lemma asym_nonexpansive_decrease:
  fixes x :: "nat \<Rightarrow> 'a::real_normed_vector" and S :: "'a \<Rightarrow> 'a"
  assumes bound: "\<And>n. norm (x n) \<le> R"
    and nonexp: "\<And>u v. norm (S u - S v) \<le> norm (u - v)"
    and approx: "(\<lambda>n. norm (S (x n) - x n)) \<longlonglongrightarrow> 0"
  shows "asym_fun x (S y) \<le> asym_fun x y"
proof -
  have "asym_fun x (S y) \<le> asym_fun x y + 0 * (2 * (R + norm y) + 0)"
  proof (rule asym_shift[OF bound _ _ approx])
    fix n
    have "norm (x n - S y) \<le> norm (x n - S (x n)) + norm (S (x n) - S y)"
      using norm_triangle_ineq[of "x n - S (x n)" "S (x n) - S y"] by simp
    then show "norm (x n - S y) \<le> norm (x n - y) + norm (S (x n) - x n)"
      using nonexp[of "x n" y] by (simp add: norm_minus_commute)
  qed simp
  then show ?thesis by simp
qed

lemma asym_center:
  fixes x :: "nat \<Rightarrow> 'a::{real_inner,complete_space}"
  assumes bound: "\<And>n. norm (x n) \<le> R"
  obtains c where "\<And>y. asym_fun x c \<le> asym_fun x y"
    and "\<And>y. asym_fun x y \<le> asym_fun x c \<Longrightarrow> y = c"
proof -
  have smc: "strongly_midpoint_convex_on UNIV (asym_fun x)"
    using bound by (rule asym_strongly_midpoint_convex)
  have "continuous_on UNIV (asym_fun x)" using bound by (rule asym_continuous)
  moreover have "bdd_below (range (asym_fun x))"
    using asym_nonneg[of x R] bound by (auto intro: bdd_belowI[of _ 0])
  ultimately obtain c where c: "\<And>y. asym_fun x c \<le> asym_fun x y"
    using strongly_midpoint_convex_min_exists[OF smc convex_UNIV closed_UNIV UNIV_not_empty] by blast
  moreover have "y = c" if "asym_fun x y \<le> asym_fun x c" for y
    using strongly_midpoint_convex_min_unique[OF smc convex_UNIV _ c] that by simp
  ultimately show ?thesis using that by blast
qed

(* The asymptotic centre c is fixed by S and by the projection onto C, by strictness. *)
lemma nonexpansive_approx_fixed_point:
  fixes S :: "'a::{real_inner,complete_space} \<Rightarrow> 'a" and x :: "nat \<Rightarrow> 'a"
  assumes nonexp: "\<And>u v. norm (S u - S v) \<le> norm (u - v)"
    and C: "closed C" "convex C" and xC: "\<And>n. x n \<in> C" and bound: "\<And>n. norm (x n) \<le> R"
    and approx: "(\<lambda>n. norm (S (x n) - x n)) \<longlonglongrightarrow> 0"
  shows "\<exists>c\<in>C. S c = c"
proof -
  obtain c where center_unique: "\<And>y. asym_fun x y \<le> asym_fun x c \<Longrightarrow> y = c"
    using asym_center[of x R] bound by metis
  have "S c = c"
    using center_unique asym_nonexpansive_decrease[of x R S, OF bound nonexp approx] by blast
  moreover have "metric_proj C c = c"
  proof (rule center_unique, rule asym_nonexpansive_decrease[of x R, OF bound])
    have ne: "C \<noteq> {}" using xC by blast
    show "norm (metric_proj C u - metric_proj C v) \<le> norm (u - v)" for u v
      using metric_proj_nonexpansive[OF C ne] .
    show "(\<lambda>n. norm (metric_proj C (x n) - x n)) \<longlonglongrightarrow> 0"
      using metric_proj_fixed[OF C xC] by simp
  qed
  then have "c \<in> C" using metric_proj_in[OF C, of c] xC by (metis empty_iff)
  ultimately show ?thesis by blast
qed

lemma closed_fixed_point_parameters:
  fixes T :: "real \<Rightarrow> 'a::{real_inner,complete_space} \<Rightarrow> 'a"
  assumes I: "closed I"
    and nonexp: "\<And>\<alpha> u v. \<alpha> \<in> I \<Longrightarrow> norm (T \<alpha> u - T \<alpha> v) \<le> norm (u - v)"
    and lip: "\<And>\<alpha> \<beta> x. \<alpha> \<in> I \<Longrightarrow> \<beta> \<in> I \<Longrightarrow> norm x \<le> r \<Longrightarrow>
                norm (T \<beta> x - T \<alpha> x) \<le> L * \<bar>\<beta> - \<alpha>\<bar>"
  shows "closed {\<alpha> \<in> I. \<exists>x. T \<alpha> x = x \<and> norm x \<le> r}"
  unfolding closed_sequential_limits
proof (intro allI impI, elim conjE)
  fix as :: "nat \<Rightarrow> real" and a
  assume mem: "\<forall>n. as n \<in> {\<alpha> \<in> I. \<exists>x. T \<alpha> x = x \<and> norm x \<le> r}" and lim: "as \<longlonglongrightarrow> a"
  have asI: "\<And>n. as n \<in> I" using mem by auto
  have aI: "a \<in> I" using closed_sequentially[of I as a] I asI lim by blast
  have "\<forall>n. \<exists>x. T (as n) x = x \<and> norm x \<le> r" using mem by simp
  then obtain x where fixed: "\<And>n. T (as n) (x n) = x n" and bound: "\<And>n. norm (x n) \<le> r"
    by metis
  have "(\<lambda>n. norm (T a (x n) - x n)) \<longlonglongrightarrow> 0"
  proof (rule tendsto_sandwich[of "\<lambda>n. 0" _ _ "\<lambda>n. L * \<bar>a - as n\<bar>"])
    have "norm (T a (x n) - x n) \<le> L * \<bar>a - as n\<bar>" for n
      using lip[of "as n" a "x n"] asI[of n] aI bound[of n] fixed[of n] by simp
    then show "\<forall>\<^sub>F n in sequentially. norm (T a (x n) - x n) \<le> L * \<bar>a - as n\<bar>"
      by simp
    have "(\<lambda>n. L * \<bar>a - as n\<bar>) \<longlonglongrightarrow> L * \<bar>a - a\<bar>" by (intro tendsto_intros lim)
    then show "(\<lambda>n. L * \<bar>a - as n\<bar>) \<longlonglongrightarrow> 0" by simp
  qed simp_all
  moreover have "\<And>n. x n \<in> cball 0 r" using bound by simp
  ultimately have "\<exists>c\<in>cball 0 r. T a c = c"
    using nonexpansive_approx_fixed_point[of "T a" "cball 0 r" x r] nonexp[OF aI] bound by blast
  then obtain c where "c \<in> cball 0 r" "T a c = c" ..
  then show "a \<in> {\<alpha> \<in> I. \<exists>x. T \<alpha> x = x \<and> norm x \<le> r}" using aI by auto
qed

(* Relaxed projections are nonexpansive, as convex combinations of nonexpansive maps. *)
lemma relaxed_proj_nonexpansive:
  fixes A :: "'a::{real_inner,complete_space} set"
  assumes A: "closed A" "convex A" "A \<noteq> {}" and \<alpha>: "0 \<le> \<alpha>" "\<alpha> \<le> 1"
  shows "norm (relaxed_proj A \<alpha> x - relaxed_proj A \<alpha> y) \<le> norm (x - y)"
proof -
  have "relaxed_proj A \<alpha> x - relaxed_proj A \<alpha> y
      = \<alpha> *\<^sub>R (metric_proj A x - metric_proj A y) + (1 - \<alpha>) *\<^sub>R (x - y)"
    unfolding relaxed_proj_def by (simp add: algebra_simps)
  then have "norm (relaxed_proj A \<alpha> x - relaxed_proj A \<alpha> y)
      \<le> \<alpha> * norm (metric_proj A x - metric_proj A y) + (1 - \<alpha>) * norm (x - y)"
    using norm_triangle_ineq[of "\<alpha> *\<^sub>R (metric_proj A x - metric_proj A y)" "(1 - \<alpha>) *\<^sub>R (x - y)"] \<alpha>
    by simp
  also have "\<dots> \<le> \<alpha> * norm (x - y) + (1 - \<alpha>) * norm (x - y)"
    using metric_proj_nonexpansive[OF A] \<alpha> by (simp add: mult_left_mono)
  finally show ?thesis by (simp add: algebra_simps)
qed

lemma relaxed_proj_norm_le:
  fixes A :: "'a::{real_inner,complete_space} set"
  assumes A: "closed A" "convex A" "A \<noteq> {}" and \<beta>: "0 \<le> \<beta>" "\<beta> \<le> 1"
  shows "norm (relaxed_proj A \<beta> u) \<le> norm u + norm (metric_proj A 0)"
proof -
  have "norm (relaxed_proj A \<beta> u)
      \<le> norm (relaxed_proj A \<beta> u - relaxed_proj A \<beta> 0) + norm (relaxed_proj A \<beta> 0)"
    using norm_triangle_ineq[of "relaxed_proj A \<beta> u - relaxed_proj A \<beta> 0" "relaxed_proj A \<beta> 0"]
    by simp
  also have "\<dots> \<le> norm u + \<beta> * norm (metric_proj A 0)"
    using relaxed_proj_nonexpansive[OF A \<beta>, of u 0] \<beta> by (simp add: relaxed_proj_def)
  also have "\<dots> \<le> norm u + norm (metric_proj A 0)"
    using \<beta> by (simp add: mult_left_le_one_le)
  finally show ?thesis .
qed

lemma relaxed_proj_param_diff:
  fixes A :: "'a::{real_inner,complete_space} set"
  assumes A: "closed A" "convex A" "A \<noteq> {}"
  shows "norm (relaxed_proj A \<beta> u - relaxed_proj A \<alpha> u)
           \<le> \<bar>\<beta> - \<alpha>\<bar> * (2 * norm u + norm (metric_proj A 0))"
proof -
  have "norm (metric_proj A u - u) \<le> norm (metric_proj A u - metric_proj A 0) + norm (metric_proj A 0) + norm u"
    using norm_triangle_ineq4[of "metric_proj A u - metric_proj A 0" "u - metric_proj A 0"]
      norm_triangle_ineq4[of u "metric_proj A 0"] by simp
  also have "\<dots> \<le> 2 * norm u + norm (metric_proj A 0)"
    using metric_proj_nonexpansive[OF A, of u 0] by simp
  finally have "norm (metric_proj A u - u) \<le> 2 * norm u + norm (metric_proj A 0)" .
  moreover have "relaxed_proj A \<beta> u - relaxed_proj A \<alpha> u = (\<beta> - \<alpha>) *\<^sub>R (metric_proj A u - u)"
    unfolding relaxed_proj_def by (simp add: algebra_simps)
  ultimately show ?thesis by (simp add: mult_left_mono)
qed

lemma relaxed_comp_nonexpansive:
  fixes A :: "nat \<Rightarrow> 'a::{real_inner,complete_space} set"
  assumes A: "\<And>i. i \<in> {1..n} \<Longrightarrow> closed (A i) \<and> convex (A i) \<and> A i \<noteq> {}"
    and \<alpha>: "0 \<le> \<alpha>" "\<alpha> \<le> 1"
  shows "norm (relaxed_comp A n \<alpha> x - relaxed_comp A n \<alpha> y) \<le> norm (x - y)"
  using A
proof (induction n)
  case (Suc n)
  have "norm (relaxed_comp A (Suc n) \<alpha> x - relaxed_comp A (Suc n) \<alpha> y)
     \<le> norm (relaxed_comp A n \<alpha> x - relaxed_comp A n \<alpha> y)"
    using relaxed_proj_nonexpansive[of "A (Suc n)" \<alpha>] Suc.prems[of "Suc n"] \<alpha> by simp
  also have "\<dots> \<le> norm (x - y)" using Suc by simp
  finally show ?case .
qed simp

——————

__TASK__
Start at the first line of the entries and stop at the line that contains "using bound by (rule asym_strongly_midpoint_convex)". Repeat every line in that span exactly, and nothing beyond it.

__OUTPUT OF THE TASK__
lemma asym_nonexpansive_decrease:
  fixes x :: "nat \<Rightarrow> 'a::real_normed_vector" and S :: "'a \<Rightarrow> 'a"
  assumes bound: "\<And>n. norm (x n) \<le> R"
    and nonexp: "\<And>u v. norm (S u - S v) \<le> norm (u - v)"
    and approx: "(\<lambda>n. norm (S (x n) - x n)) \<longlonglongrightarrow> 0"
  shows "asym_fun x (S y) \<le> asym_fun x y"
proof -
  have "asym_fun x (S y) \<le> asym_fun x y + 0 * (2 * (R + norm y) + 0)"
  proof (rule asym_shift[OF bound _ _ approx])
    fix n
    have "norm (x n - S y) \<le> norm (x n - S (x n)) + norm (S (x n) - S y)"
      using norm_triangle_ineq[of "x n - S (x n)" "S (x n) - S y"] by simp
    then show "norm (x n - S y) \<le> norm (x n - y) + norm (S (x n) - x n)"
      using nonexp[of "x n" y] by (simp add: norm_minus_commute)
  qed simp
  then show ?thesis by simp
qed

lemma asym_center:
  fixes x :: "nat \<Rightarrow> 'a::{real_inner,complete_space}"
  assumes bound: "\<And>n. norm (x n) \<le> R"
  obtains c where "\<And>y. asym_fun x c \<le> asym_fun x y"
    and "\<And>y. asym_fun x y \<le> asym_fun x c \<Longrightarrow> y = c"
proof -
  have smc: "strongly_midpoint_convex_on UNIV (asym_fun x)"
    using bound by (rule asym_strongly_midpoint_convex)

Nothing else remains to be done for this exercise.